* [Work item]: Only these lines of the data below are wanted: the one with "(\<forall>z\<in>D. G (cnj", the one with "bquat) \<Rightarrow> (quat", and any lines between them, each repeated exactly.

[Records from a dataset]

########################################

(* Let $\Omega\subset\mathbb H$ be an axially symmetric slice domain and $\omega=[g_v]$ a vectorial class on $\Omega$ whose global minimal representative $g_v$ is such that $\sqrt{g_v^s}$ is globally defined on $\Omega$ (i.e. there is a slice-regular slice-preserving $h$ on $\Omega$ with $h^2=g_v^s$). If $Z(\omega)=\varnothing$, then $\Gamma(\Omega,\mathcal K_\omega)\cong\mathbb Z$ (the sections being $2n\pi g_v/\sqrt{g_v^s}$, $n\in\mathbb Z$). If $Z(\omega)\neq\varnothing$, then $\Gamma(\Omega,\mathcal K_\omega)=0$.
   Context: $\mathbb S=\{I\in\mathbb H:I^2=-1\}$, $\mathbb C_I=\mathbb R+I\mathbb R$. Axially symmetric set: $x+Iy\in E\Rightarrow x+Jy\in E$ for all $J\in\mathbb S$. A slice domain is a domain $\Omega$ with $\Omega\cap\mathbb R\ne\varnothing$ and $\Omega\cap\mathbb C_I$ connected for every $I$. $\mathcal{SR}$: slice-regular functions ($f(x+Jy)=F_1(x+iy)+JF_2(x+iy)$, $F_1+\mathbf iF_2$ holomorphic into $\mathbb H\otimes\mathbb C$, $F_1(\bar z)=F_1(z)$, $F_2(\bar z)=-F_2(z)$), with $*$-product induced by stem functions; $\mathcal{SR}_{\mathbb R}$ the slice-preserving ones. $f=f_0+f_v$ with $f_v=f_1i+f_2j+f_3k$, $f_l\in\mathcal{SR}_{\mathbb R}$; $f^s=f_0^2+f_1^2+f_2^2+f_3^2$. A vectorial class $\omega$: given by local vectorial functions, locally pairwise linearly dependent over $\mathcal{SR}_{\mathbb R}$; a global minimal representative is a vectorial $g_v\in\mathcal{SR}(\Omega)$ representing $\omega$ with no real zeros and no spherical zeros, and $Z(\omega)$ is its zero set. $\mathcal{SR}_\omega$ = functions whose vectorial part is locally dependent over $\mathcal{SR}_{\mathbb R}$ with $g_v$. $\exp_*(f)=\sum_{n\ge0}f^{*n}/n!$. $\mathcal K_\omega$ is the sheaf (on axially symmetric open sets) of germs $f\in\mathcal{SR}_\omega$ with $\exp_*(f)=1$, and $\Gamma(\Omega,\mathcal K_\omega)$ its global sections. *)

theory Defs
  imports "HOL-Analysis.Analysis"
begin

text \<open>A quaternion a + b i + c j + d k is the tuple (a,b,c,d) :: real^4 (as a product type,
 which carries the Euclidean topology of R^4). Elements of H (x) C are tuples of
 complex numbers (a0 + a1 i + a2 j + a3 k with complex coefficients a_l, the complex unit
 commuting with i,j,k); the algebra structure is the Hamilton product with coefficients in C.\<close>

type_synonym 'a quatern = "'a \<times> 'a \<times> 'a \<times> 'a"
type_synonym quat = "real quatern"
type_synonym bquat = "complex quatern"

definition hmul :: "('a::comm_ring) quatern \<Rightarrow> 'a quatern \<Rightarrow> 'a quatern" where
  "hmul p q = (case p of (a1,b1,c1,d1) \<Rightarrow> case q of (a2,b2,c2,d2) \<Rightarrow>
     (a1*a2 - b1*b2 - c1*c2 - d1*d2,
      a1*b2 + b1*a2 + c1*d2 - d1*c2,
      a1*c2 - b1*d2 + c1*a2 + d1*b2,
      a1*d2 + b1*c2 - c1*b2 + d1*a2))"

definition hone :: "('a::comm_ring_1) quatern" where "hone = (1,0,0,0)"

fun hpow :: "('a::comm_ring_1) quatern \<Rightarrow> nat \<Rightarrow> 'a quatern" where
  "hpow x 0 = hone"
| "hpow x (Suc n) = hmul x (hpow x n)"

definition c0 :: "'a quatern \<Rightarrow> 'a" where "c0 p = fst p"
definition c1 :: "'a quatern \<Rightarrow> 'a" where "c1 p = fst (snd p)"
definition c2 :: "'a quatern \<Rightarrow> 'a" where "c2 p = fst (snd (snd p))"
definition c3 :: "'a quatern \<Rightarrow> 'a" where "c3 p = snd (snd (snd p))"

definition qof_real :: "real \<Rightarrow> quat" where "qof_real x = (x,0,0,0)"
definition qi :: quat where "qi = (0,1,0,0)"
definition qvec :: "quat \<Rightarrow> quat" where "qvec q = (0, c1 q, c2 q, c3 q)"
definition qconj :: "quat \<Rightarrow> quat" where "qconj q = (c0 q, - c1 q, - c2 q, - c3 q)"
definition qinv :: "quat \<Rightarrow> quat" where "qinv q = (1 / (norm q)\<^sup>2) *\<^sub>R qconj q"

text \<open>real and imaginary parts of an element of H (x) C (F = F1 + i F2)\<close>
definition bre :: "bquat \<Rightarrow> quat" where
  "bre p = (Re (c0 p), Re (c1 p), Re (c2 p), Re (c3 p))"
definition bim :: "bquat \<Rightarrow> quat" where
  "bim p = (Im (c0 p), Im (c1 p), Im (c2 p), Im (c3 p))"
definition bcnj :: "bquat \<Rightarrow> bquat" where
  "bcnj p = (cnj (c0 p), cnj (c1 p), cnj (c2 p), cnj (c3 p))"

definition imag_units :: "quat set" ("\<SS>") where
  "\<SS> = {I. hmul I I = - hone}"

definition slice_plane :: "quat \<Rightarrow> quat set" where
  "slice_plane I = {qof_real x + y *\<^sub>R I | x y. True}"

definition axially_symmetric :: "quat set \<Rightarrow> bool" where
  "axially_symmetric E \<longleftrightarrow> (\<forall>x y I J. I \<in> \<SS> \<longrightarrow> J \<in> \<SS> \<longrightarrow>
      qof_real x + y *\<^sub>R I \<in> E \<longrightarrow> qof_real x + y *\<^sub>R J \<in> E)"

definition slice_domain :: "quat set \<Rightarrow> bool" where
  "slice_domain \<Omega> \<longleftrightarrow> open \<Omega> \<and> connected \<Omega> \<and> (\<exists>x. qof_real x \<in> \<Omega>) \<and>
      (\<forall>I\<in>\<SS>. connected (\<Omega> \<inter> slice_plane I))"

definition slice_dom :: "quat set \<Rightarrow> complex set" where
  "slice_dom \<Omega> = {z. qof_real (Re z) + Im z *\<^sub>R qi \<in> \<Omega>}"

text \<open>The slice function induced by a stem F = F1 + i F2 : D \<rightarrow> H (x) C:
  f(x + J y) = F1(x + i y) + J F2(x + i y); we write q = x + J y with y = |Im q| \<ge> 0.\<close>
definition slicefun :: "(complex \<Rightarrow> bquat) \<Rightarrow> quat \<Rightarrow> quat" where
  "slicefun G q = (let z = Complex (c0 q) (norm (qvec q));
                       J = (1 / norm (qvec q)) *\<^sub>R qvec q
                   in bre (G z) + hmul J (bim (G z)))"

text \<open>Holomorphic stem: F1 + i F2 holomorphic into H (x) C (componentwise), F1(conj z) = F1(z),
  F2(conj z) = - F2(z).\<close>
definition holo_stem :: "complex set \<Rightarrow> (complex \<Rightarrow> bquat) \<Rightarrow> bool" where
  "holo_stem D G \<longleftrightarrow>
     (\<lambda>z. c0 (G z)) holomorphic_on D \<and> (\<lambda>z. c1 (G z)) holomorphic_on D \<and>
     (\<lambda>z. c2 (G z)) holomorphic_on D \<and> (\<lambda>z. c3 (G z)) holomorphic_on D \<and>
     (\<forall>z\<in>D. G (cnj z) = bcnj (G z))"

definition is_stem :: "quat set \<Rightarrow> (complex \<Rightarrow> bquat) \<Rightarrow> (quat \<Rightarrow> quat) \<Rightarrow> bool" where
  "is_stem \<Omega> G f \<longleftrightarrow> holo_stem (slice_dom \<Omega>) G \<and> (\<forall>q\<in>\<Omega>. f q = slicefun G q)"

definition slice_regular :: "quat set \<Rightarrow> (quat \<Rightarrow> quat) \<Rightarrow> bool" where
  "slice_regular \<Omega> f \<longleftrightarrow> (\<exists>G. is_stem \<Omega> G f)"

########################################

* [Reply to the exercise]:
     (\<forall>z\<in>D. G (cnj z) = bcnj (G z))"

definition is_stem :: "quat set \<Rightarrow> (complex \<Rightarrow> bquat) \<Rightarrow> (quat \<Rightarrow> quat) \<Rightarrow> bool" where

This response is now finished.